The City of New York is connected to many milestones of our nation’s history. "New York: An American Capital" highlights the role of the city as the first federal capital and as a capital of finance, immigration, culture and innovation. The stories come to life through facsimiles of documents, posters, drawings and photographs from the vaults of the National Archives in Washington D.C. and the collections of the National Archives Northeast Region in New York.

Highlights include:

  • The original New York Ratification of the U.S. Bill of Rights, on display for the exhibit’s first four days only (replaced thereafter with a facsimile copy). The display marks the first time the document has been exhibited in New York City since it was signed in 1790, according to the records of the National Archives.

  • The colorfully illustrated document presenting "Liberty Enlightening the World" as a gift from France to the United States on July 4, 1884. The Statue of Liberty was installed in New York harbor two years later.

  • The plan of Brooklyn Bridge by John and Washington Roebling.
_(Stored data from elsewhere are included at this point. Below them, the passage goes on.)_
lemma weakly_continuous_on_vanishing_at_limpt:
  assumes dense: "closure D = UNIV" and cont: "weakly_continuous_on S D B"
    and x: "x \<in> S" "x islimpt S"
  shows "(\<forall>y\<in>S - {x}. \<forall>\<eta>\<in>D. B y \<eta> = 0) \<longleftrightarrow> (\<forall>y\<in>S. \<forall>\<eta>\<in>D. B y \<eta> = 0)"
proof (intro iffI ballI)
  fix y \<eta> assume vanish: "\<forall>y\<in>S - {x}. \<forall>\<eta>\<in>D. B y \<eta> = 0" and "y \<in> S" "\<eta> \<in> D"
  have "\<forall>\<phi>\<in>D. cinner \<phi> (B x \<eta>) = 0"
  proof
    fix \<phi> assume "\<phi> \<in> D"
    show "cinner \<phi> (B x \<eta>) = 0"
      using cont \<open>\<phi> \<in> D\<close> \<open>\<eta> \<in> D\<close> vanish x unfolding weakly_continuous_on_def
      by (intro continuous_on_eq_at_limpt[where S = S]) (auto simp: cinner_zero_right)
  qed
  then have "B x \<eta> = 0"
    by (rule orthogonal_dense_eq_0[OF dense])
  then show "B y \<eta> = 0"
    using vanish \<open>y \<in> S\<close> \<open>\<eta> \<in> D\<close> by (cases "y = x") auto
qed auto

theorem theorem1:
  fixes A :: "('m::{t2_space, second_countable_topology}, 'n::finite) chrt set"
    and G :: "('m, 'n) metric"
    and T :: "('m, 'n) chrt \<Rightarrow> 'm \<Rightarrow> real^'n"
    and \<Sigma> :: "real \<Rightarrow> 'm set"
    and D :: "'h::chilbert set"
    and \<psi> \<pi> :: "'m \<Rightarrow> 'h \<Rightarrow> 'h"
  assumes st: "spacetime A G T"
    and gh: "globally_hyperbolic A G T"
    and fol: "cauchy_foliation A G T \<Sigma>"
    and D: "dense_subspace D"
    and lin_psi: "\<And>x. lin_op_on D (\<psi> x)"
    and lin_pi: "\<And>x. lin_op_on D (\<pi> x)"
    and psi_D: "\<And>x. maps_into D (\<psi> x) \<and> adjoint_maps_into D (\<psi> x)"
    and pi_D: "\<And>x. maps_into D (\<pi> x) \<and> adjoint_maps_into D (\<pi> x)"
    and weak_cont: "\<And>t \<phi> \<eta>. \<phi> \<in> D \<Longrightarrow> \<eta> \<in> D \<Longrightarrow>
                      continuous_on (\<Sigma> t) (\<lambda>x. cinner \<phi> (\<pi> x \<eta>))"
  shows "\<forall>t. \<forall>x\<in>\<Sigma> t.
     ((\<forall>y\<in>\<Sigma> t - {x}. commutator_zero_on D (\<psi> x) (\<pi> y))
        \<longleftrightarrow> (\<forall>y\<in>\<Sigma> t. commutator_zero_on D (\<psi> x) (\<pi> y)))
   \<and> ((\<forall>y\<in>\<Sigma> t - {x}. anticommutator_zero_on D (\<psi> x) (\<pi> y))
        \<longleftrightarrow> (\<forall>y\<in>\<Sigma> t. anticommutator_zero_on D (\<psi> x) (\<pi> y)))"
proof (intro allI ballI)
  fix t x assume x: "x \<in> \<Sigma> t"
  have dense: "closure D = UNIV"
    using D unfolding dense_subspace_def by simp
  have limpt: "x islimpt \<Sigma> t"
    using st fol x unfolding spacetime_def cauchy_foliation_def
    by (blast intro: spacelike_hypersurface_islimpt)
  have \<pi>: "weakly_continuous_on (\<Sigma> t) D \<pi>" "\<And>y. maps_into D (\<pi> y)"
    using weak_cont pi_D unfolding weakly_continuous_on_def by auto
  have "weakly_continuous_on (\<Sigma> t) D (\<lambda>y \<eta>. \<psi> x (\<pi> y \<eta>))"
    using \<pi> psi_D by (blast intro: weakly_continuous_on_compose_left)
  moreover have "weakly_continuous_on (\<Sigma> t) D (\<lambda>y \<eta>. \<pi> y (\<psi> x \<eta>))"
    using \<pi> psi_D by (blast intro: weakly_continuous_on_compose_right)
  ultimately have "weakly_continuous_on (\<Sigma> t) D (\<lambda>y \<eta>. \<psi> x (\<pi> y \<eta>) - \<pi> y (\<psi> x \<eta>))"
    and "weakly_continuous_on (\<Sigma> t) D (\<lambda>y \<eta>. \<psi> x (\<pi> y \<eta>) + \<pi> y (\<psi> x \<eta>))"
    by (simp_all add: weakly_continuous_on_diff weakly_continuous_on_add)
  then show "((\<forall>y\<in>\<Sigma> t - {x}. commutator_zero_on D (\<psi> x) (\<pi> y))
        \<longleftrightarrow> (\<forall>y\<in>\<Sigma> t. commutator_zero_on D (\<psi> x) (\<pi> y)))
   \<and> ((\<forall>y\<in>\<Sigma> t - {x}. anticommutator_zero_on D (\<psi> x) (\<pi> y))
        \<longleftrightarrow> (\<forall>y\<in>\<Sigma> t. anticommutator_zero_on D (\<psi> x) (\<pi> y)))"
    unfolding commutator_zero_on_def anticommutator_zero_on_def
    using weakly_continuous_on_vanishing_at_limpt[OF dense _ x limpt] by blast
qed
When it was completed in 1883, the Brooklyn Bridge, with its patented system of steel wire cables, was the longest suspension bridge in the world.

  • The first and last pages of George Washington’s Inaugural Address, delivered on April 30, 1789 on the balcony of Federal Hall overlooking Wall Street.

The exhibit, "New York: An American Capital," represents the first step in a multi-year joint effort of the National Park Service and the National Archives to bring an engaging, interactive exhibition experience to the Federal Hall site.

The exhibit was made possible through the generous contributions of the Foundation for the National Archives and the National Park Service.